(Records contained in a dataset)
┌──

text \<open>Maximum number of customers in the system during the busy period (the maximum is
  attained at arrival instants).\<close>
definition max_bp :: "(nat \<Rightarrow> real) \<Rightarrow> (nat \<Rightarrow> nat) \<Rightarrow> (nat \<Rightarrow> nat \<Rightarrow> real) \<Rightarrow> enat" where
  "max_bp A N V = (SUP k\<in>{k. in_bp A N V k}. enat (length (stack A N V k)))"

definition exp_dist :: "real \<Rightarrow> real measure" where
  "exp_dist l = density lborel (exponential_density l)"

definition input_space :: "real \<Rightarrow> nat pmf \<Rightarrow> real measure
    \<Rightarrow> ((nat \<Rightarrow> real) \<times> (nat \<Rightarrow> nat) \<times> (nat \<Rightarrow> nat \<Rightarrow> real)) measure" where
  "input_space lam Bd Sd =
     PiM UNIV (\<lambda>_::nat. exp_dist lam) \<Otimes>\<^sub>M
       (PiM UNIV (\<lambda>_::nat. measure_pmf Bd) \<Otimes>\<^sub>M PiM UNIV (\<lambda>_::nat. PiM UNIV (\<lambda>_::nat. Sd)))"

definition M_dist :: "real \<Rightarrow> nat pmf \<Rightarrow> real measure \<Rightarrow> enat measure" where
  "M_dist lam Bd Sd = distr (input_space lam Bd Sd) (count_space UNIV)
      (\<lambda>(A, N, V). max_bp A N V)"

end

theory Submission
  imports Defs
begin

(* Record the state just before a batch arrival as the stack xs of remaining service times,
   the customer in service on top. Let q_m(d) be the probability that a batch arriving to d
   customers drives the number in system up to m before it has been served, and
   phi(x) = E exp(-lam x S) the probability that a service time sees no arrival of a Poisson
   stream of rate lam x. A customer at height p is served only while nobody is above it, and
   during its service the batches arriving to p customers overflow independently with
   probability q_m(p); by Poisson thinning the probability of never reaching m from xs is
     G(xs) = (1 - q_m(|xs|)) exp(-lam sum_p q_m(p) x_p),
   where q_m solves 1 - q_m(d) = E[d + N < m; prod_{j=1..N} phi(q_m(d + j))].
   G is harmonic for the chain observed at arrival epochs, which gives the lower bound; the
   upper bound holds because staying busy below m for ever has probability zero, as m
   consecutive steps that grow the stack have probability bounded away from zero. Hence
   P(M < m) = 1 - q_m(0). A smaller Laplace transform makes every q_m(d) larger, by
   induction on the recursion, so M is stochastically larger. *)

section \<open>Product measures\<close>

lemma nn_integral_pair_measure_swap_middle:
  assumes s1: "sigma_finite_measure M1" and s2: "sigma_finite_measure M2"
    and s3: "sigma_finite_measure M3" and s4: "sigma_finite_measure M4"
    and f[measurable]: "f \<in> borel_measurable ((M1 \<Otimes>\<^sub>M M2) \<Otimes>\<^sub>M (M3 \<Otimes>\<^sub>M M4))"
  shows "(\<integral>\<^sup>+z. f z \<partial>((M1 \<Otimes>\<^sub>M M2) \<Otimes>\<^sub>M (M3 \<Otimes>\<^sub>M M4))) =
    (\<integral>\<^sup>+z. f ((fst (fst z), fst (snd z)), (snd (fst z), snd (snd z))) \<partial>((M1 \<Otimes>\<^sub>M M3) \<Otimes>\<^sub>M (M2 \<Otimes>\<^sub>M M4)))"
proof -
  interpret p23: pair_sigma_finite M2 M3 using s2 s3 by (simp add: pair_sigma_finite_def)
  have s24: "sigma_finite_measure (M2 \<Otimes>\<^sub>M M4)" and s34: "sigma_finite_measure (M3 \<Otimes>\<^sub>M M4)"
    by (intro sigma_finite_pair_measure s2 s3 s4)+
  interpret M34: sigma_finite_measure "M3 \<Otimes>\<^sub>M M4" by (rule s34)
  interpret M24: sigma_finite_measure "M2 \<Otimes>\<^sub>M M4" by (rule s24)
  interpret M4: sigma_finite_measure M4 by (rule s4)
  have "(\<integral>\<^sup>+z. f z \<partial>((M1 \<Otimes>\<^sub>M M2) \<Otimes>\<^sub>M (M3 \<Otimes>\<^sub>M M4))) =
     (\<integral>\<^sup>+x12. \<integral>\<^sup>+x34. f (x12, x34) \<partial>(M3 \<Otimes>\<^sub>M M4) \<partial>(M1 \<Otimes>\<^sub>M M2))"
    by (rule M34.nn_integral_fst[symmetric]) simp
  also have "\<dots> = (\<integral>\<^sup>+x1. \<integral>\<^sup>+x2. \<integral>\<^sup>+x34. f ((x1, x2), x34) \<partial>(M3 \<Otimes>\<^sub>M M4) \<partial>M2 \<partial>M1)"
    by (rule sigma_finite_measure.nn_integral_fst[OF s2, symmetric]) measurable
  also have "\<dots> = (\<integral>\<^sup>+x1. \<integral>\<^sup>+x2. \<integral>\<^sup>+x3. \<integral>\<^sup>+x4. f ((x1, x2), (x3, x4)) \<partial>M4 \<partial>M3 \<partial>M2 \<partial>M1)"
    by (intro nn_integral_cong sigma_finite_measure.nn_integral_fst[OF s4, symmetric])
      (auto simp: space_pair_measure)
  also have "\<dots> = (\<integral>\<^sup>+x1. \<integral>\<^sup>+x3. \<integral>\<^sup>+x2. \<integral>\<^sup>+x4. f ((x1, x2), (x3, x4)) \<partial>M4 \<partial>M2 \<partial>M3 \<partial>M1)"
    by (intro nn_integral_cong p23.Fubini'[symmetric]) measurable
  also have "\<dots> = (\<integral>\<^sup>+x1. \<integral>\<^sup>+x3. \<integral>\<^sup>+x24. f ((x1, fst x24), (x3, snd x24)) \<partial>(M2 \<Otimes>\<^sub>M M4) \<partial>M3 \<partial>M1)"
  proof (intro nn_integral_cong)
    fix x1 x3 assume "x1 \<in> space M1" "x3 \<in> space M3"
    then have "(\<lambda>x24. f ((x1, fst x24), (x3, snd x24))) \<in> borel_measurable (M2 \<Otimes>\<^sub>M M4)"
      by measurable
    from M4.nn_integral_fst[OF this] show "(\<integral>\<^sup>+x2. \<integral>\<^sup>+x4. f ((x1, x2), (x3, x4)) \<partial>M4 \<partial>M2) =
        (\<integral>\<^sup>+x24. f ((x1, fst x24), (x3, snd x24)) \<partial>(M2 \<Otimes>\<^sub>M M4))"
      by simp
  qed
  also have "\<dots> = (\<integral>\<^sup>+x13. \<integral>\<^sup>+x24. f ((fst x13, fst x24), (snd x13, snd x24)) \<partial>(M2 \<Otimes>\<^sub>M M4) \<partial>(M1 \<Otimes>\<^sub>M M3))"
  proof -
    have "(\<lambda>x13. \<integral>\<^sup>+x24. f ((fst x13, fst x24), (snd x13, snd x24)) \<partial>(M2 \<Otimes>\<^sub>M M4))
        \<in> borel_measurable (M1 \<Otimes>\<^sub>M M3)"
      by measurable
    from sigma_finite_measure.nn_integral_fst[OF s3 this] show ?thesis by simp
  qed
  also have "\<dots> = (\<integral>\<^sup>+z. f ((fst (fst z), fst (snd z)), (snd (fst z), snd (snd z))) \<partial>((M1 \<Otimes>\<^sub>M M3) \<Otimes>\<^sub>M (M2 \<Otimes>\<^sub>M M4)))"
  proof -
    have "(\<lambda>z. f ((fst (fst z), fst (snd z)), (snd (fst z), snd (snd z))))
        \<in> borel_measurable ((M1 \<Otimes>\<^sub>M M3) \<Otimes>\<^sub>M (M2 \<Otimes>\<^sub>M M4))"
      by measurable
    from M24.nn_integral_fst[OF this] show ?thesis by simp
  qed
  finally show ?thesis .
qed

└──

**Work item:** Only the lines from the start of the data to the line holding "real) \<Rightarrow> (nat" are wanted; return them exactly, both ends included.

**Answer section:**
text \<open>Maximum number of customers in the system during the busy period (the maximum is
  attained at arrival instants).\<close>
definition max_bp :: "(nat \<Rightarrow> real) \<Rightarrow> (nat \<Rightarrow> nat) \<Rightarrow> (nat \<Rightarrow> nat \<Rightarrow> real) \<Rightarrow> enat" where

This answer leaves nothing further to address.